Même le court trajet jusqu'aux toilettes lui donna envie de s'asseoir (il n'avait aucune idée de la raison pour laquelle il était aussi fatigué). Il s'appuya contre le lavabo et remonta ses manches. Durant ses jours passés dans les ruines, sa malchance avait été déterminée à compenser pour l'avoir laissé s'échapper du Killing Game. Il avait récolté une jolie collection de petites coupures et blessures.

Étonnement – enfin, ce n'était plus vraiment une surprise – il semblait qu'elles avaient été nettoyées. Il ne dirait pas que c'était du travail professionnel, mais ça avait l'air plus soigné et compétent que ce qu'Asahina avait été capable de réussir. Non pas qu'il se plaignait de son travail. Elle avait fait de son mieux avec le maigre équipement qu'ils possédaient.

L'eau devint brièvement marron quand il se lava les mains. Il attrapa une serviette et nettoya également son visage. Malheureusement, l'état de ses cheveux n'allait pas s'améliorer avec seulement de l'eau. Il songea à prendre une douche, surtout quand il regarda son reflet, mais il ne voulait pas que Komaeda l'attende s'il revenait pendant ce temps. Et puis, il avait déjà passé des jours avec ces mêmes vêtements. Une autre heure ou deux ne le tueraient pas.

Conscient d'à quel point il était sale, Naegi était maintenant réticent à toucher le moindre meuble. Il se tint avec gêne au milieu de la chambre, roulant ses orteils dans le tapis bleu. Il n'y avait pas de pendule dans la pièce, si bien qu'il n'avait pas la moindre idée de la durée écoulée depuis que Komaeda était parti. Il ne savait même pas si c'était le jour.

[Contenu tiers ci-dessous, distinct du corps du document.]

(* Let $\Gamma$ be a group, $S$ a $\Gamma$-graded semigroup and $A$ a unital ring, and give the contracted semigroup ring $A[S]$ the grading induced by that of $S$. Then (1) $S$ is a strongly $\Gamma$-graded semigroup if and only if $A[S]$ is a strongly $\Gamma$-graded ring; and (2) there is a ring isomorphism $A[S\#\Gamma]\cong A[S]\#\Gamma$, given by $sP_\alpha\mapsto (1s)P_\alpha$ on basis elements.
   Context: Semigroups have a zero; $S$ is $\Gamma$-graded via $\deg:S\setminus\{0\}\to\Gamma$ with $\deg(st)=\deg(s)\deg(t)$ whenever $st\neq0$, $S_\alpha=\deg^{-1}(\alpha)\cup\{0\}$; strongly graded semigroup: $S_\alpha S_\beta=S_{\alpha\beta}$. $A[S]$ is the semigroup ring $AS$ modulo the ideal generated by the zero of $S$; elements are finite sums $\sum a^{(s)}s$ over $s\in S\setminus\{0\}$. Its induced grading: $A[S]_\alpha$ consists of the sums supported in $S_\alpha$. A $\Gamma$-graded ring $B=\bigoplus_\alpha B_\alpha$ ($B_\alpha B_\beta\subseteq B_{\alpha\beta}$) is strongly graded if $B_\alpha B_\beta=B_{\alpha\beta}$ (additive span of products). The semigroup smash product $S\#\Gamma=\{sP_\alpha:s\in S\setminus\{0\},\alpha\in\Gamma\}\cup\{0\}$ has product $(sP_\alpha)(tP_\beta)=stP_\beta$ if $st\neq0$ and $t\in S_{\alpha\beta^{-1}}$, else $0$. For a $\Gamma$-graded ring $B$, the ring smash product $B\#\Gamma$ consists of finite formal sums $\sum_\alpha b^{(\alpha)}P_\alpha$ ($b^{(\alpha)}\in B$) with componentwise addition and multiplication determined by $(aP_\alpha)(bP_\beta)=a\,b_{\alpha\beta^{-1}}P_\beta$, where $b_{\gamma}$ is the homogeneous component of $b$ of degree $\gamma$. *)

theory Defs
  imports Main
begin

text \<open>The group Gamma is a type 'g of class group_add (not necessarily commutative),
  written additively: the paper's alpha beta is alpha + beta and alpha beta^-1 is alpha - beta.\<close>

definition graded_semigroup :: "('s::{semigroup_mult,mult_zero} \<Rightarrow> 'g::group_add) \<Rightarrow> bool" where
  "graded_semigroup deg \<longleftrightarrow> (\<forall>s t. s * t \<noteq> 0 \<longrightarrow> deg (s * t) = deg s + deg t)"

definition sg_comp :: "('s::{semigroup_mult,mult_zero} \<Rightarrow> 'g) \<Rightarrow> 'g \<Rightarrow> 's set" where
  "sg_comp deg \<alpha> = {s. s \<noteq> 0 \<and> deg s = \<alpha>} \<union> {0}"

definition set_mult :: "'s::times set \<Rightarrow> 's set \<Rightarrow> 's set" where
  "set_mult X Y = {x * y | x y. x \<in> X \<and> y \<in> Y}"

definition strongly_graded_semigroup :: "('s::{semigroup_mult,mult_zero} \<Rightarrow> 'g::group_add) \<Rightarrow> bool" where
  "strongly_graded_semigroup deg \<longleftrightarrow>
     (\<forall>\<alpha> \<beta>. set_mult (sg_comp deg \<alpha>) (sg_comp deg \<beta>) = sg_comp deg (\<alpha> + \<beta>))"

text \<open>An element sum a^(s) s (s ranging over nonzero elements) is represented by the
  finitely supported coefficient function s |-> a^(s), vanishing outside Sc - {z}.\<close>
definition csr_carrier :: "'x set \<Rightarrow> 'x \<Rightarrow> ('x \<Rightarrow> 'a::zero) set" where
  "csr_carrier Sc z = {f. finite {x. f x \<noteq> 0} \<and> (\<forall>x. f x \<noteq> 0 \<longrightarrow> x \<in> Sc \<and> x \<noteq> z)}"

definition csr_add :: "('x \<Rightarrow> 'a::plus) \<Rightarrow> ('x \<Rightarrow> 'a) \<Rightarrow> 'x \<Rightarrow> 'a" where
  "csr_add f g = (\<lambda>x. f x + g x)"

definition csr_mult :: "('x \<Rightarrow> 'x \<Rightarrow> 'x) \<Rightarrow> 'x \<Rightarrow> ('x \<Rightarrow> 'a::ring_1) \<Rightarrow> ('x \<Rightarrow> 'a) \<Rightarrow> 'x \<Rightarrow> 'a" where
  "csr_mult m z f g = (\<lambda>u. if u = z then 0 else
      (\<Sum>(s,t)\<in>{(s,t). f s \<noteq> 0 \<and> g t \<noteq> 0 \<and> m s t = u}. f s * g t))"

definition csr_basis :: "'x \<Rightarrow> 'x \<Rightarrow> 'a::ring_1" where
  "csr_basis x = (\<lambda>y. if y = x then 1 else 0)"

abbreviation AS_carrier :: "('s::{semigroup_mult,mult_zero} \<Rightarrow> 'a::ring_1) set" where
  "AS_carrier \<equiv> csr_carrier UNIV 0"

abbreviation AS_mult :: "('s::{semigroup_mult,mult_zero} \<Rightarrow> 'a::ring_1) \<Rightarrow> ('s \<Rightarrow> 'a) \<Rightarrow> 's \<Rightarrow> 'a" where
  "AS_mult \<equiv> csr_mult (*) 0"

definition AS_comp :: "('s::{semigroup_mult,mult_zero} \<Rightarrow> 'g) \<Rightarrow> 'g \<Rightarrow> ('s \<Rightarrow> 'a::ring_1) set" where
  "AS_comp deg \<alpha> = {f \<in> AS_carrier. \<forall>s. f s \<noteq> 0 \<longrightarrow> s \<in> sg_comp deg \<alpha>}"

definition AS_hcomp :: "('s::{semigroup_mult,mult_zero} \<Rightarrow> 'g) \<Rightarrow> 'g \<Rightarrow> ('s \<Rightarrow> 'a::ring_1) \<Rightarrow> 's \<Rightarrow> 'a" where
  "AS_hcomp deg \<gamma> b = (\<lambda>s. if s \<noteq> 0 \<and> deg s = \<gamma> then b s else 0)"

Le temps passa. Il s'appuya contre le bureau pour se soutenir. Il s'ennuyait. Il pensa à ses amis, pensées légères et tranquilles. Il pariait que Kirigiri avait déjà découvert exactement où ils étaient et qui étaient ces gens. Togami avait probablement harcelé quelqu'un pour obtenir toutes les réponses. Il n'était pas sûr de ce qu'Asahina et Fukawa faisaient, mais il savait qu'elles seraient soulagées d'être enfin sorties des décombres. Et Hagakure était sans doute encore endormi.

Au bout d'un moment, ses pensées se tarirent. Komaeda n'était toujours pas revenu. Il se balança d'avant en arrière sur ses talons, fixant la porte de la chambre.

Bah, du moment qu'il n'allait nulle part, regarder à l'extérieur ne pourrait pas faire de mal. Il se dirigea vers la porte et tourna la poignée...

Verrouillée.

Il s'immobilisa, confus. Il tenta à nouveau, juste pour être sûr. Effectivement, la poignée cliqueta et refusa de tourner. Il ne semblait pas y avoir de verrou qu'il puisse ouvrir. La porte devait avoir été verrouillée de l'autre côté.

Je suppose qu'il avait peur que je me perde. Ou il a oublié que la porte était fermée. C'était... bizarre. Mais Komaeda ne lui avait pas donné de raison de s'inquiéter pour l'instant, et Naegi lui faisait confiance. Il devait y avoir une bonne raison.

Cela dit, il n'avait désormais plus rien à faire. Naegi baissa les yeux sur ses vêtements sales, regarda la chambre propre, puis soupira et tira la chaise du bureau. Il espérait que quiconque avait nettoyé cet endroit lui pardonnerait.